La Corte di Appello non ha fatto corretta applicazione degli indici normativi richiamati e nemmeno ha considerato i precedenti di questa Corte dettati in fattispecie analoghe alla presente, in cui si trattava di soggetti già iscritti, ad altro titolo, alla gestione commercianti e di redditi derivanti a diverso titolo dalla partecipazione societaria, sovente proprio per il caso di partecipazioni a società immobiliari.
Detti precedenti compongono un orientamento favorevole all ‘ assoggettabilità a contribuzione dei redditi analoghi a quelli in discussione.
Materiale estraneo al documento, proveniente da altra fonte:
(* Let $n>0$ and $c>0$ be constants and fix $x_0$ with $0<x_0<c$. Let $f\in C(\mathbb{R}_0^+\times\mathbb{R}_0^+,\mathbb{R}_0^+)$ be nondecreasing in its first variable for each fixed second variable, let $w\in C(\mathbb{R}_0^+,\mathbb{R}_0^+)$ be nondecreasing with $w(x)>0$ for $x>0$, and let $\alpha\in C^1(\mathbb{R}_0^+,\mathbb{R}_0^+)$ be nondecreasing with $\alpha(t)\le t$. If $u\in C(\mathbb{R}_0^+,\mathbb{R}_0^+)$ satisfies $$u^n(t)\le c+\int_0^{\alpha(t)}f(t,s)\,(u^n(s)+1)\ln(u^n(s)+1)\,w(u(s))\,ds\qquad\text{for all }t\ge0,$$ then there exists $\tau>0$ such that for all $t\in[0,\tau]$, $$\Psi(G(c))+\int_0^{\alpha(t)}f(t,s)\,ds\in\mathrm{Dom}(\Psi^{-1})$$ and $$u(t)\le\Big\{G^{-1}\Big(\Psi^{-1}\Big[\Psi(G(c))+\int_0^{\alpha(t)}f(t,s)\,ds\Big]\Big)\Big\}^{1/n},$$ where $G(x)=\int_{x_0}^x\frac{ds}{(s+1)\ln(s+1)}$ for $x\ge x_0$, whose inverse is $G^{-1}(y)=e^{e^{y}\ln(x_0+1)}-1$, and $\Psi(x)=\int_1^x\frac{ds}{w\big((e^{e^{s}\ln(x_0+1)}-1)^{1/n}\big)}$ for $x>0$.
   Context: $\mathbb{R}_0^+=[0,\infty)$. $\Psi$ is strictly increasing on $(0,\infty)$, $\Psi^{-1}$ denotes its inverse, and $\mathrm{Dom}(\Psi^{-1})=\Psi((0,\infty))$. *)

theory Defs
  imports "HOL-Analysis.Analysis"
begin

definition oint :: "(real \<Rightarrow> real) \<Rightarrow> real \<Rightarrow> real \<Rightarrow> real" where
  "oint g a b = (if a \<le> b then integral {a..b} g else - integral {b..a} g)"

definition G :: "real \<Rightarrow> real \<Rightarrow> real" where
  "G x0 x = oint (\<lambda>s. 1 / ((s + 1) * ln (s + 1))) x0 x"

definition Ginv :: "real \<Rightarrow> real \<Rightarrow> real" where
  "Ginv x0 y = exp (exp y * ln (x0 + 1)) - 1"

definition Psi :: "real \<Rightarrow> (real \<Rightarrow> real) \<Rightarrow> real \<Rightarrow> real \<Rightarrow> real" where
  "Psi n w x0 x = oint (\<lambda>s. 1 / w ((exp (exp s * ln (x0 + 1)) - 1) powr (1 / n))) 1 x"

definition Psi_inv :: "real \<Rightarrow> (real \<Rightarrow> real) \<Rightarrow> real \<Rightarrow> real \<Rightarrow> real" where
  "Psi_inv n w x0 = the_inv_into {0<..} (Psi n w x0)"

end

theory Submission
  imports Defs
begin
In tal senso si veda Cass. 15/02/2022, n. 4890 che, a sua volta citando precedenti conformi, recita: «parte ricorrente assume che il reddito percepito in conseguenza della sua partecipazione alla società in nome collettivo non debba essere valorizzato ai fini della determinazione della misura della contribuzione a percentuale dalla stessa dovuta per il triennio di causa; la presente controversia concerne, dunque, la determinazione della base imponibile contributiva; ciò è quanto opportunamente ribadisce la sentenza gravata (p.7), ove, nel sostenere le proprie argomentazioni, basate sull’esegesi delle norme positive applicabili, la Corte di merito rileva che “Ciò che viene in rilievo nel giudizio de quo non è l’an della contribuzione, essendo la ricorrente già iscritta alla gestione artigiani, bensì il quantum, id est la base imponibile del contributo annuo dovuto dagli iscritti alle gestioni previdenziali degli artigiani e degli esercenti attività commerciali”; così correttamente inquadrato l’oggetto del
contenzioso, la Corte territoriale ha applicato il principio secondo cui “Ai fini della determinazione dei contributi dovuti dagli artigiani ed esercenti attività commerciali, vanno computati anche i redditi percepiti in qualità di socio accomandante, ai sensi degli artt. 3 bis del d.l. n. 384 del 1992, conv. con modif. in L. n. 438 del 1992, e 6, comma 3, del d.P.R. n. 917 del 1986, la cui interpretazione letterale e sistematica, avallata anche dalla Corte Cost. (sentenza 7 novembre 2001 n. 354), conduce ad includere nella base imponibile la totalità dei redditi d’impresa, fra i quali vanno considerati anche quelli delle società in accomandita semplice’ (Cass. n. 29779 del 2017)».
Dalle considerazioni che precedono discende la fondatezza del ricorso e la cassazione della sentenza impugnata con rinvio alla Corte di Appello indicata in dispositivo, anche per le spese del giudizio di legittimità.
P.Q.M.
La Corte accoglie il ricorso; cassa la sentenza impugnata e rinvia alla Corte di Appello di Perugia, in diversa composizione, cui è demandata anche la liquidazione delle spese del giudizio di legittimità.
Così deciso, in Roma, nella camera di consiglio del 14 novembre 2025.